Proprietorship, partnership or corporation: Do you know the implications of your business structure?
You thought you set up your company in a way that protects you from being held personally responsible for business debts. So why is the Canada Revenue Agency (“CRA”) and other business creditors going after your personal assets to cover the company’s outstanding debts?
The answer lies in your business structure as well as certain partnership or creditor agreements you may have put in place. This is why it’s important to understand the different business structures and how they could affect your personal assets. It’s especially important to know where you stand if you’re facing a small business bankruptcy or a Division 1 proposal.
Understanding business structures: Back to basics
There are three main categories of businesses in Canada: a corporation or incorporated company, sole proprietorship and partnership. Here’s an overview of these three structures:
- A corporation or incorporated company is owned by shareholders, each of whom is a separate legal entity from the company. A corporation is required to file its own tax return.
- A sole proprietorship is owned and operated by an individual, who is not considered a separate legal entity from the business. This individual – the sole proprietor – is required by CRA to include the company’s profits and losses when filing personal income tax returns.
- A partnership is similar to a sole proprietorship but is owned by two or more people, who are known legally as partners. The partnership does not file a tax return. Each partner includes its share of the partnership income or loss on their personal tax return. The amount claimed depends on the percentage of ownership held by each partner.
So what are your personal liabilities within each structure?
If you’re a sole proprietor or a partner, then you bear personal responsibility for the debts incurred by your business. In a partnership, the amount of the business debt that you’re liable for depends on your ownership share of the business. For example, if you own half of the business, then you’re personally responsible for half of the debt.
In a sole proprietorship or partnership, personal debt incurred by an owner or partner could also be claimed against the assets of the business. In these cases, the business’s creditors have right of way over personal creditors, who can only take what’s left after the business has paid its debts.
For incorporated businesses, the general rule is that shareholders and directors are not personally liable for the company’s debts.
Fine print: What else you need to know about your liability for business debt
How these general rules are applied in real-world situations isn’t always simple or straightforward. If your partnership or corporation owes taxes, it may not matter in the short-term that you own only a small percentage of the company. The CRA could decide to go after you for the entire amount owing and leave it to you to collect from your partners, or other directors.
With an incorporated company, directors and shareholders who provide a personal guarantee to a creditor become personally liable for the debt they’re guaranteeing. Consider this carefully before consenting to provide a personal guarantee for a loan or for a lease.

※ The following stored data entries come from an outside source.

lemma
  assumes "partition_on {1..n} \<tau>" "m \<in> {1..n}"
  shows block_min_insert_into_block:
      "i \<in> {1..n} \<Longrightarrow> block_min (insert_into_block (Suc n) m \<tau>) i = block_min \<tau> i"
    and block_min_insert_into_block_new: "block_min (insert_into_block (Suc n) m \<tau>) (Suc n) = block_min \<tau> m"
proof -
  have fresh: "Suc n \<notin> {1..n}"
    by simp
  let ?C = "block_of \<tau> {m}"
  have partition: "partition_on (insert (Suc n) {1..n}) (insert_into_block (Suc n) m \<tau>)"
    using partition_on_insert_into_block[OF fresh assms] .
  have C: "?C \<in> \<tau>" "m \<in> ?C" "?C \<subseteq> {1..n}"
    using block_of_in[OF assms] mem_block_of[OF assms] partition_on_block_subset[OF assms(1)] by auto
  have "finite ?C"
    using C(3) finite_subset by blast
  moreover from this have "Min ?C \<le> n"
    using assms(2) Min_le[OF _ C(2)] by fastforce
  ultimately have Min_C: "Min (insert (Suc n) ?C) = Min ?C"
    using C(2) by (subst Min_insert) auto
  then show "block_min (insert_into_block (Suc n) m \<tau>) (Suc n) = block_min \<tau> m"
    using block_of_insert_into_block[OF fresh assms] by (simp add: block_min_def)
  fix i assume "i \<in> {1..n}"
  show "block_min (insert_into_block (Suc n) m \<tau>) i = block_min \<tau> i"
  proof (cases "i \<in> ?C")
    case True
    then have "block_of (insert_into_block (Suc n) m \<tau>) {i} = insert (Suc n) ?C"
      using block_of_eq[OF partition] by (simp add: insert_into_block_def)
    moreover have "block_of \<tau> {i} = ?C"
      using block_of_eq[OF assms(1) C(1)] True by simp
    ultimately show ?thesis
      using Min_C by (simp add: block_min_def)
  next
    case False
    let ?D = "block_of \<tau> {i}"
    have "?D \<in> \<tau>" "i \<in> ?D"
      using block_of_in[OF assms(1) \<open>i \<in> {1..n}\<close>] mem_block_of[OF assms(1) \<open>i \<in> {1..n}\<close>] .
    moreover from this have "?D \<noteq> ?C"
      using False by blast
    ultimately have "block_of (insert_into_block (Suc n) m \<tau>) {i} = ?D"
      using block_of_eq[OF partition] by (simp add: insert_into_block_def)
    then show ?thesis
      by (simp add: block_min_def)
  qed
qed

lemma occurs_112_shift_iff:
  assumes "f 1 = 1" "\<And>i. i \<in> {1..n} \<Longrightarrow> f (Suc i) = Suc (g i)" "\<And>i. i \<in> {1..n} \<Longrightarrow> 1 \<le> g i"
  shows "occurs_112 f (Suc n) \<longleftrightarrow> occurs_112 g n"
proof
  assume "occurs_112 f (Suc n)"
  then obtain i j l where ijl: "1 \<le> i" "i < j" "j < l" "l \<le> Suc n" "f i = f j" "f j < f l"
    unfolding occurs_112_def by blast
  obtain i' j' l' where shifted: "i = Suc i'" "j = Suc j'" "l = Suc l'"
    using ijl(1-3) by (cases i; cases j; cases l) auto
  have "i \<noteq> 1"
  proof
    assume "i = 1"
    then have "f j = 1"
      using ijl assms(1) by simp
    moreover have "f j = Suc (g j')" "1 \<le> g j'"
      using assms(2,3)[of j'] shifted ijl \<open>i = 1\<close> by auto
    ultimately show False
      by simp
  qed
  with ijl shifted assms(2)[of i'] assms(2)[of j'] assms(2)[of l'] show "occurs_112 g n"
    unfolding occurs_112_def by (intro exI[of _ i'] exI[of _ j'] exI[of _ l']) auto
next
  assume "occurs_112 g n"
  then obtain i j l where ijl: "1 \<le> i" "i < j" "j < l" "l \<le> n" "g i = g j" "g j < g l"
    unfolding occurs_112_def by blast
  with assms(2)[of i] assms(2)[of j] assms(2)[of l] show "occurs_112 f (Suc n)"
    unfolding occurs_112_def by (intro exI[of _ "Suc i"] exI[of _ "Suc j"] exI[of _ "Suc l"]) auto
qed

lemma occurs_112_Suc_min_iff:
  assumes "\<And>i. i \<in> {1..n} \<Longrightarrow> f i = g i" "\<And>i. i \<in> {1..n} \<Longrightarrow> f (Suc n) \<le> g i"
  shows "occurs_112 f (Suc n) \<longleftrightarrow> occurs_112 g n"
proof
  assume "occurs_112 f (Suc n)"
  then obtain i j l where ijl: "1 \<le> i" "i < j" "j < l" "l \<le> Suc n" "f i = f j" "f j < f l"
    unfolding occurs_112_def by blast
  have "l \<noteq> Suc n"
  proof
    assume "l = Suc n"
    then have "f l \<le> f j"
      using ijl assms[of j] by simp
    with ijl show False
      by simp
  qed
  with ijl have "i \<in> {1..n}" "j \<in> {1..n}" "l \<in> {1..n}"
    by auto
  with ijl assms(1) have "g i = g j" "g j < g l"
    by auto
  with ijl \<open>l \<noteq> Suc n\<close> show "occurs_112 g n"
    unfolding occurs_112_def by (metis le_SucE)
next
  assume "occurs_112 g n"
  then obtain i j l where ijl: "1 \<le> i" "i < j" "j < l" "l \<le> n" "g i = g j" "g j < g l"
    unfolding occurs_112_def by blast
  then have "i \<in> {1..n}" "j \<in> {1..n}" "l \<in> {1..n}"
    by auto
  with ijl assms(1) have "f i = f j" "f j < f l"
    by auto
  with ijl show "occurs_112 f (Suc n)"
    unfolding occurs_112_def by (metis le_SucI)
qed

Keep in mind as well that directors of an incorporated business are personally liable for unpaid wages, vacation pay, employee source deductions for such items as Canada Pension Plan, Employment Insurance, Income Tax deducted from their employees pay and not remitted and for sales taxes (HST, GST or PST).
Protecting yourself should the business run into financial difficulties
It may be impossible to plan for every contingency in business, but you can take steps to reduce your personal risks as an entrepreneur. For example, when asked to personally guarantee a bank loan or a lease for equipment or office premises, try to negotiate certain terms of the guarantee, such as reducing the number of years the guarantee covers or capping the amount of the guarantee.
You may also want to push back if a creditor asks that your spouse or partner step in as an additional guarantor. This way you can at least protect your spouse or partner’s personal assets should your business find itself in financial trouble. In case you’re worried about not being in a position to negotiate, remember that lenders are all competing for market share and some may be willing to make concessions to win your business.
Seek professional help before you make important business decisions
Whether you’re just about to start a business or are in the mature stages of an enterprise, it’s important to get help and advice from the right professional. A business strategy consultant can provide guidance on how to best structure your company and could advise you on negotiating loans and lease agreements.
If your business is struggling financially, it’s critical that you seek the expertise of professionals such as a Licensed Insolvency Trustee. A professional can help you understand your obligations and rights within your business structure, and work with you to create a plan of action. Depending on your circumstances, this plan could include corporate restructuring, refinancing, filing a Division 1 proposal or a corporate bankruptcy.
Think you need professional advice? There is no time like the present
Financial problems have a way of getting worse when you don’t address them. If your business is struggling with debt—whether you’re a sole proprietor, a partner in a partnership or a director of a corporation—the best thing you can do is seek professional help as soon as possible.
Knowing the nuances of your business structure, taking steps to protect yourself and being proactive will enable you to be in better control of the situation when financial problems happen.